The Palestinian population in the West Bank, Gaza Strip and east Jerusalem has grown 30 percent over the past decade, a census found. The Palestinian Authority’s Central Bureau of Statistics, having completed its first census in a decade, announced Saturday that the Palestinian population stands at 3.76 million, up from 2.89 million in 1997. The figures could bolster Palestinian Authority demands for Israel, which quit Gaza in 2005, to cede large parts of the West Bank and even east Jerusalem under peace talks that were revived in November.

Israeli Prime Minister Ehud Olmert, like his predecessor Ariel Sharon, argues that a growing Palestinian population in the territories, as well as a relatively high birth rate among Israel’s Arab citizens, poses a “demographic threat” to the Jewish state. The answer to this threat, Olmert says, is a Palestinian state. Israeli demographers in the past have accused Palestinian census takers of inflating population figures for the sake of political gain. There was no immediate Israeli response to the latest census.

Israel’s population of 7.2 million is 80 percent Jewish and approximately 20 percent Arab. Palestinians say they have as many as 4 million compatriots living abroad as “exiled refugees” and who also stake a claim in future nationhood.

Kucinich Denies AIPAC Meeting

U.S. Rep. Dennis Kucinich (D-Ohio) denied an Internet rumor that Jewish officials had offered to help him win re-election if he dropped impeachment efforts against President Bush. The rumor, which has gained traction in recent days on left-wing blogs, alleges that U.S. House Speaker Nancy Pelosi (D-San Francisco) and several representatives of the American Israel Public Affairs Committee offered to “guarantee” Kucinich’s re-election to the House if he dropped his effort to impeach President Bush and Vice-President Cheney.

According to the account, Kucinich threw them out of his office.
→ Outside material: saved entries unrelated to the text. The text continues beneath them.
(* Let $G=(U,V,E)$ be a bipartite graph with $|U|=|V|=N$ in which every vertex of $U$ has at least one neighbor, and run the matching algorithm on $G$. Let $i\ge 0$ with $|M(i)|<N$, let $l\ge 0$ be an integer, and let $u_0\in U$ be free with respect to $M(i)$ with $n_{u_0}\subseteq D_l(i)$. Then every augmenting path in $G$ with respect to $M(i)$ starting at $u_0$ has length at least $2l+1$.
   Context: Matching algorithm. For $u\in U$ let $n_u=\{v\in V:(u,v)\in E\}$. The algorithm maintains a matching $M\subseteq E$ (initially empty) and an integer value $h_v$ for each $v\in V$ (initially $0$). A vertex is free if no edge of $M$ is incident to it. One iteration: choose any free $u\in U$ (arbitrary choice); choose $j\in\arg\min_{v\in n_u}h_v$ (ties broken arbitrarily); if some $u_{\rm old}\in U$ has $(u_{\rm old},j)\in M$, remove $(u_{\rm old},j)$ from $M$ (so $u_{\rm old}$ becomes free); add $(u,j)$ to $M$; increase $h_j$ by $1$. Iterations are repeated while $|M|<N$ and the algorithm terminates when $|M|=N$. $M(i)$ and $h_v(i)$ denote the matching and the values after the $i$-th iteration. For an integer $l$, $D_l(i)=\{v\in V: h_v(i)\ge l\}$. With respect to a matching $M$, an alternating path is a simple path in $G$ whose edges alternate between edges not in $M$ and edges in $M$; an augmenting path is an alternating path whose two endpoints are free vertices (one in $U$, one in $V$). The length of a path is its number of edges. *)

theory Defs
  imports Main
begin

(* Bipartite graph G = (U,V,E): vertices of U have type 'u, of V type 'v,
   E :: ('u * 'v) set with E \<subseteq> U \<times> V.  A matching is a set of edges. *)

definition nbr :: "('u \<times> 'v) set \<Rightarrow> 'u \<Rightarrow> 'v set" where
  "nbr E u = {v. (u, v) \<in> E}"

definition free_U :: "('u \<times> 'v) set \<Rightarrow> 'u \<Rightarrow> bool" where
  "free_U M u = (\<forall>v. (u, v) \<notin> M)"

definition free_V :: "('u \<times> 'v) set \<Rightarrow> 'v \<Rightarrow> bool" where
  "free_V M v = (\<forall>u. (u, v) \<notin> M)"

type_synonym ('u, 'v) alg_state = "('u \<times> 'v) set \<times> ('v \<Rightarrow> int)"

(* one iteration, with arbitrary choice of the free u and of the argmin j *)
definition alg_step :: "'u set \<Rightarrow> ('u \<times> 'v) set \<Rightarrow> ('u, 'v) alg_state \<Rightarrow> ('u, 'v) alg_state \<Rightarrow> bool" where
  "alg_step U E s s' =
     (\<exists>u\<in>U. free_U (fst s) u \<and>
        (\<exists>j\<in>nbr E u. (\<forall>v\<in>nbr E u. snd s j \<le> snd s v) \<and>
           fst s' = (fst s - {(uold, j) | uold. uold \<in> U}) \<union> {(u, j)} \<and>
           snd s' = (snd s)(j := snd s j + 1)))"

(* s k = (M(k), h(k)); the algorithm has performed i iterations, each performed
   while |M| < N *)
definition alg_run :: "'u set \<Rightarrow> ('u \<times> 'v) set \<Rightarrow> nat \<Rightarrow> (nat \<Rightarrow> ('u, 'v) alg_state) \<Rightarrow> nat \<Rightarrow> bool" where
  "alg_run U E N s i =
     (s 0 = ({}, (\<lambda>_. 0)) \<and>
      (\<forall>k<i. card (fst (s k)) < N \<and> alg_step U E (s k) (s (Suc k))))"

definition D :: "'v set \<Rightarrow> int \<Rightarrow> ('v \<Rightarrow> int) \<Rightarrow> 'v set" where
  "D V l h = {v \<in> V. h v \<ge> l}"

(* paths: lists of vertices of G, U-vertices tagged Inl, V-vertices tagged Inr *)
fun rel_edge :: "('u \<times> 'v) set \<Rightarrow> 'u + 'v \<Rightarrow> 'u + 'v \<Rightarrow> bool" where
  "rel_edge R (Inl u) (Inr v) = ((u, v) \<in> R)"
| "rel_edge R (Inr v) (Inl u) = ((u, v) \<in> R)"
| "rel_edge R _ _ = False"

definition is_path :: "('u \<times> 'v) set \<Rightarrow> ('u + 'v) list \<Rightarrow> bool" where
  "is_path E p = (p \<noteq> [] \<and> distinct p \<and>
     (\<forall>k. Suc k < length p \<longrightarrow> rel_edge E (p ! k) (p ! Suc k)))"

definition alternating_path :: "('u \<times> 'v) set \<Rightarrow> ('u \<times> 'v) set \<Rightarrow> ('u + 'v) list \<Rightarrow> bool" where
  "alternating_path E M p = (is_path E p \<and>
     (\<forall>k. Suc (Suc k) < length p \<longrightarrow>
        (rel_edge M (p ! k) (p ! Suc k) \<longleftrightarrow> \<not> rel_edge M (p ! Suc k) (p ! Suc (Suc k)))))"

fun free_vertex :: "('u \<times> 'v) set \<Rightarrow> 'u + 'v \<Rightarrow> bool" where
  "free_vertex M (Inl u) = free_U M u"
| "free_vertex M (Inr v) = free_V M v"

definition augmenting_path :: "('u \<times> 'v) set \<Rightarrow> ('u \<times> 'v) set \<Rightarrow> ('u + 'v) list \<Rightarrow> bool" where
  "augmenting_path E M p = (alternating_path E M p \<and>
     free_vertex M (hd p) \<and> free_vertex M (last p) \<and>
     isl (hd p) \<noteq> isl (last p))"

(* length = number of edges *)
definition path_length :: "('u + 'v) list \<Rightarrow> nat" where
  "path_length p = length p - 1"

end

theory Submission
  imports Defs
begin

(* Call the value h_v the height of v.  The algorithm maintains
   two invariants: (i) the slack property -- if (u,w) is a matching edge and
   (u,v) any edge then h_w <= h_v + 1 (u was matched to a neighbour of
   minimal height, and heights only grow afterwards, except the matched
   vertex which is raised by exactly one); (ii) every free vertex of V has
   height 0 (heights are raised only when a vertex becomes matched, and a
   matched vertex of V never becomes free again).
   Along an alternating path starting at the free vertex u0, the V-vertices
   sit at positions 1,3,5,...; position 1 is a neighbour of u0 (height >= l)
   and each further non-matching edge after a matching edge loses at most one
   unit of height by (i).  So the V-vertex at position 2j+1 has height
   >= l - j.  An augmenting path ends at a free V-vertex, of height 0 by
   (ii), whence its length 2j+1 satisfies j >= l. *)

definition height_slack :: "('u \<times> 'v) set \<Rightarrow> ('u \<times> 'v) set \<Rightarrow> ('v \<Rightarrow> int) \<Rightarrow> bool" where
  "height_slack E M h = (\<forall>u w v. (u, w) \<in> M \<longrightarrow> (u, v) \<in> E \<longrightarrow> h w \<le> h v + 1)"

definition free_height_zero :: "('u \<times> 'v) set \<Rightarrow> ('v \<Rightarrow> int) \<Rightarrow> bool" where
  "free_height_zero M h = (\<forall>v. free_V M v \<longrightarrow> h v = 0)"

(* The full invariant; matched U-vertices lie in U so that the removal step
   of the algorithm really unmatches the chosen V-vertex. *)
definition alg_invariant :: "'u set \<Rightarrow> ('u \<times> 'v) set \<Rightarrow> ('u, 'v) alg_state \<Rightarrow> bool" where
  "alg_invariant U E st =
     (height_slack E (fst st) (snd st) \<and> free_height_zero (fst st) (snd st) \<and>
      (\<forall>u w. (u, w) \<in> fst st \<longrightarrow> u \<in> U))"

lemma alg_invariant_step:
  assumes inv: "alg_invariant U E (M, h)" and step: "alg_step U E (M, h) (M', h')"
  shows "alg_invariant U E (M', h')"
proof -
  from step obtain u j where u: "u \<in> U" and j: "j \<in> nbr E u"
    and j_min: "\<forall>v\<in>nbr E u. h j \<le> h v"
    and M': "M' = (M - {(uold, j) | uold. uold \<in> U}) \<union> {(u, j)}"
    and h': "h' = h(j := h j + 1)"
    unfolding alg_step_def by auto
  have slack: "height_slack E M h" and zero: "free_height_zero M h"
    and inU: "\<forall>u w. (u, w) \<in> M \<longrightarrow> u \<in> U"
    using inv unfolding alg_invariant_def by auto
  have h_mono: "h v \<le> h' v" for v
    using h' by auto
  have "h' w \<le> h' v + 1" if "(u', w) \<in> M'" "(u', v) \<in> E" for u' w v
  proof (cases "(u', w) = (u, j)")
    case True
    then have "h j \<le> h v"
      using j_min that(2) unfolding nbr_def by auto
    then show ?thesis using True h' h_mono[of v] by auto
  next
    case False
    then have "(u', w) \<in> M" and "w \<noteq> j"
      using that(1) M' inU by auto
    moreover have "h w \<le> h v + 1"
      using slack \<open>(u', w) \<in> M\<close> that(2) unfolding height_slack_def by blast
    ultimately show ?thesis using h' h_mono[of v] by auto
  qed
  moreover have "h' v = 0" if "free_V M' v" for v
  proof -
    have "v \<noteq> j" and "free_V M v"
      using that M' unfolding free_V_def by auto
    then show ?thesis using zero h' unfolding free_height_zero_def by auto
  qed
  ultimately show ?thesis
    using M' inU u unfolding alg_invariant_def height_slack_def free_height_zero_def by auto
qed

lemma alg_invariant_run:
  assumes run: "alg_run U E N s i" and "k \<le> i"
  shows "alg_invariant U E (s k)"
  using \<open>k \<le> i\<close>
proof (induction k)
  case 0
  then show ?case
    using run unfolding alg_run_def alg_invariant_def height_slack_def
      free_height_zero_def by auto
next
  case (Suc k)
  then have "alg_step U E (s k) (s (Suc k))"
    using run unfolding alg_run_def by auto
  then show ?case
    using alg_invariant_step[of U E "fst (s k)" "snd (s k)" "fst (s (Suc k))" "snd (s (Suc k))"]
      Suc by simp
qed

lemma path_side_parity:
  assumes path: "is_path E p" and hd: "hd p = Inl u0" and "k < length p"
  shows "isl (p ! k) = even k"
  using \<open>k < length p\<close>
proof (induction k)
  case 0
  then show ?case using hd by (cases p) auto
next
  case (Suc k)
  then have "rel_edge E (p ! k) (p ! Suc k)" and "isl (p ! k) = even k"
    using path unfolding is_path_def by auto
  then show ?case by (cases "p ! k"; cases "p ! Suc k") auto
qed

lemma alternating_path_matched_parity:
  assumes alt: "alternating_path E M p" and hd: "hd p = Inl u0"
    and free: "free_U M u0" and "Suc k < length p"
  shows "rel_edge M (p ! k) (p ! Suc k) = odd k"
  using \<open>Suc k < length p\<close>
proof (induction k)
  case 0
  have "p ! 0 = Inl u0" using hd 0 by (cases p) auto
  then show ?case using free unfolding free_U_def by (cases "p ! Suc 0") auto
next
  case (Suc k)
  then show ?case using alt unfolding alternating_path_def by auto
qed

lemma alternating_path_height_bound:
  assumes slack: "height_slack E M h"
    and alt: "alternating_path E M p" and hd: "hd p = Inl u0"
    and free: "free_U M u0" and high: "\<forall>v\<in>nbr E u0. l \<le> h v"
    and "2 * j + 1 < length p"
  shows "\<exists>v. p ! (2 * j + 1) = Inr v \<and> l - int j \<le> h v"
proof -
  have path: "is_path E p" using alt unfolding alternating_path_def by simp
  note side = path_side_parity[OF path hd]
  have edge: "rel_edge E (p ! k) (p ! Suc k)" if "Suc k < length p" for k
    using path that unfolding is_path_def by auto
  show ?thesis
    using \<open>2 * j + 1 < length p\<close>
  proof (induction j)
    case 0
    have "p ! 0 = Inl u0" using hd 0 by (cases p) auto
    moreover obtain v where v: "p ! 1 = Inr v"
      using side[of 1] 0 by (cases "p ! 1") auto
    ultimately have "v \<in> nbr E u0"
      using edge[of 0] 0 unfolding nbr_def by auto
    then show ?case using v high by auto
  next
    case (Suc j)
    then obtain v where v: "p ! (2 * j + 1) = Inr v" "l - int j \<le> h v" by auto
    obtain u where u: "p ! Suc (2 * j + 1) = Inl u"
      using side[of "Suc (2 * j + 1)"] Suc.prems by (cases "p ! Suc (2 * j + 1)") auto
    obtain w where w: "p ! (2 * Suc j + 1) = Inr w"
      using side[of "2 * Suc j + 1"] Suc.prems by (cases "p ! (2 * Suc j + 1)") auto
    have "(u, v) \<in> M"
      using alternating_path_matched_parity[OF alt hd free, of "2 * j + 1"] Suc.prems u v
      by auto
    moreover have "(u, w) \<in> E"
      using edge[of "Suc (2 * j + 1)"] Suc.prems u w by auto
    ultimately have "h v \<le> h w + 1"
      using slack unfolding height_slack_def by blast
    then show ?case using v w by auto
  qed
qed

lemma augmenting_path_length_bound:
  assumes slack: "height_slack E M h" and zero: "free_height_zero M h"
    and aug: "augmenting_path E M p" and hd: "hd p = Inl u0"
    and free: "free_U M u0" and high: "\<forall>v\<in>nbr E u0. l \<le> h v"
  shows "2 * l + 1 \<le> int (path_length p)"
proof -
  have alt: "alternating_path E M p"
    and last_free: "free_vertex M (last p)" and last_side: "\<not> isl (last p)"
    using aug hd unfolding augmenting_path_def by auto
  have path: "is_path E p" using alt unfolding alternating_path_def by simp
  then have nonempty: "p \<noteq> []" unfolding is_path_def by simp
  then have last: "last p = p ! (length p - 1)" by (simp add: last_conv_nth)
  then have "odd (length p - 1)"
    using path_side_parity[OF path hd, of "length p - 1"] last_side nonempty by auto
  then obtain j where j: "length p - 1 = 2 * j + 1" by (metis oddE)
  moreover have "2 * j + 1 < length p" using j nonempty by (cases p) auto
  ultimately obtain v where v: "p ! (2 * j + 1) = Inr v" "l - int j \<le> h v"
    using alternating_path_height_bound[OF slack alt hd free high] by blast
  have "h v = 0"
    using last_free last j v zero unfolding free_height_zero_def by auto
  then show ?thesis using v j unfolding path_length_def by auto
qed

theorem mainTheorem7:
  fixes U :: "'u set" and V :: "'v set" and E :: "('u \<times> 'v) set"
    and N :: nat and s :: "nat \<Rightarrow> ('u, 'v) alg_state" and i :: nat
    and l :: int and u0 :: 'u and p :: "('u + 'v) list"
  assumes "finite U" "finite V" "card U = N" "card V = N"
    and "E \<subseteq> U \<times> V"
    and "\<forall>u\<in>U. nbr E u \<noteq> {}"
    and "alg_run U E N s i"
    and "card (fst (s i)) < N"
    and "l \<ge> 0"
    and "u0 \<in> U" "free_U (fst (s i)) u0"
    and "nbr E u0 \<subseteq> D V l (snd (s i))"
    and "augmenting_path E (fst (s i)) p" "hd p = Inl u0"
  shows "int (path_length p) \<ge> 2 * l + 1"
proof -
  have "alg_invariant U E (s i)"
    using alg_invariant_run[OF assms(7)] by simp
  then have slack: "height_slack E (fst (s i)) (snd (s i))"
    and zero: "free_height_zero (fst (s i)) (snd (s i))"
    unfolding alg_invariant_def by auto
  have high: "\<forall>v\<in>nbr E u0. l \<le> snd (s i) v"
    using assms(12) unfolding D_def by auto
  show ?thesis
    using augmenting_path_length_bound[OF slack zero assms(13,14,11) high] by simp
qed

end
An official in Kucinich’s office told JTA Monday that the rumors were baseless.

“It never happened,” the official said.

Gibson Honor Roils Irish Rabbi

The Irish Film and Television Academy will pay tribute to Mel Gibson, an actor and director, at its award ceremony Feb. 17 for his contributions to world cinema. According to the Irish newspaper the Independent, a leading rabbi in Ireland condemned the recognition for Gibson in light of widely publicized anti-Semitic comments he made to California police officers after being arrested for drunk driving in 2006. The citation stresses Gibson’s Irish roots — his mother and paternal great-grandfather were Irish. Gibson also made his movie “Braveheart” in Ireland.

Ireland’s Department of Arts, Sports and Tourism has been named an official partner of the ceremony, though the department does not fund the academy. The Gibson controversy comes on the heels of a department inquiry into accusations that paintings stolen by the Nazis were on display in the Limerick Hunt Museum.

Chicago-Area Synagogue is Greenest

A $10 million project earned The Jewish Reconstructionist Congregation in Evanston, Ill., the highest rating from the U.S. Green Building Council’s Leadership in Energy and Environmental Design program. The “platinum” rating was awarded for features such as using recycled concrete, sensor-controlled lighting and a parking space reserved for a hybrid car. Six churches across the country have received similar certification.

A synagogue in San Luis Obispo is seeking a lower silver rating. The Reconstructionist synagogue’s energy costs will be about 45 percent less than a typical synagogue of the same size.

No Dem Delegate Status for Lieberman

U.S. Sen. Joe Lieberman (I-Conn.) will not get delegate status at the Democratic convention. Lieberman remains a registered Democrat and caucuses with the party in the Senate despite his 2006 reelection as an Independent after he lost the Democratic primary to Ned Lamont. That status might have qualified as a “super delegate,” one of several hundred automatic delegates — among them, Congress members — who are not selected through the primaries and caucus system.

However, Connecticut state Democratic officials told The Hartford Courant that Lieberman’s endorsement of U.S. Sen. John McCain (R-Ariz.) violates a rule against endorsing a candidate across the aisle.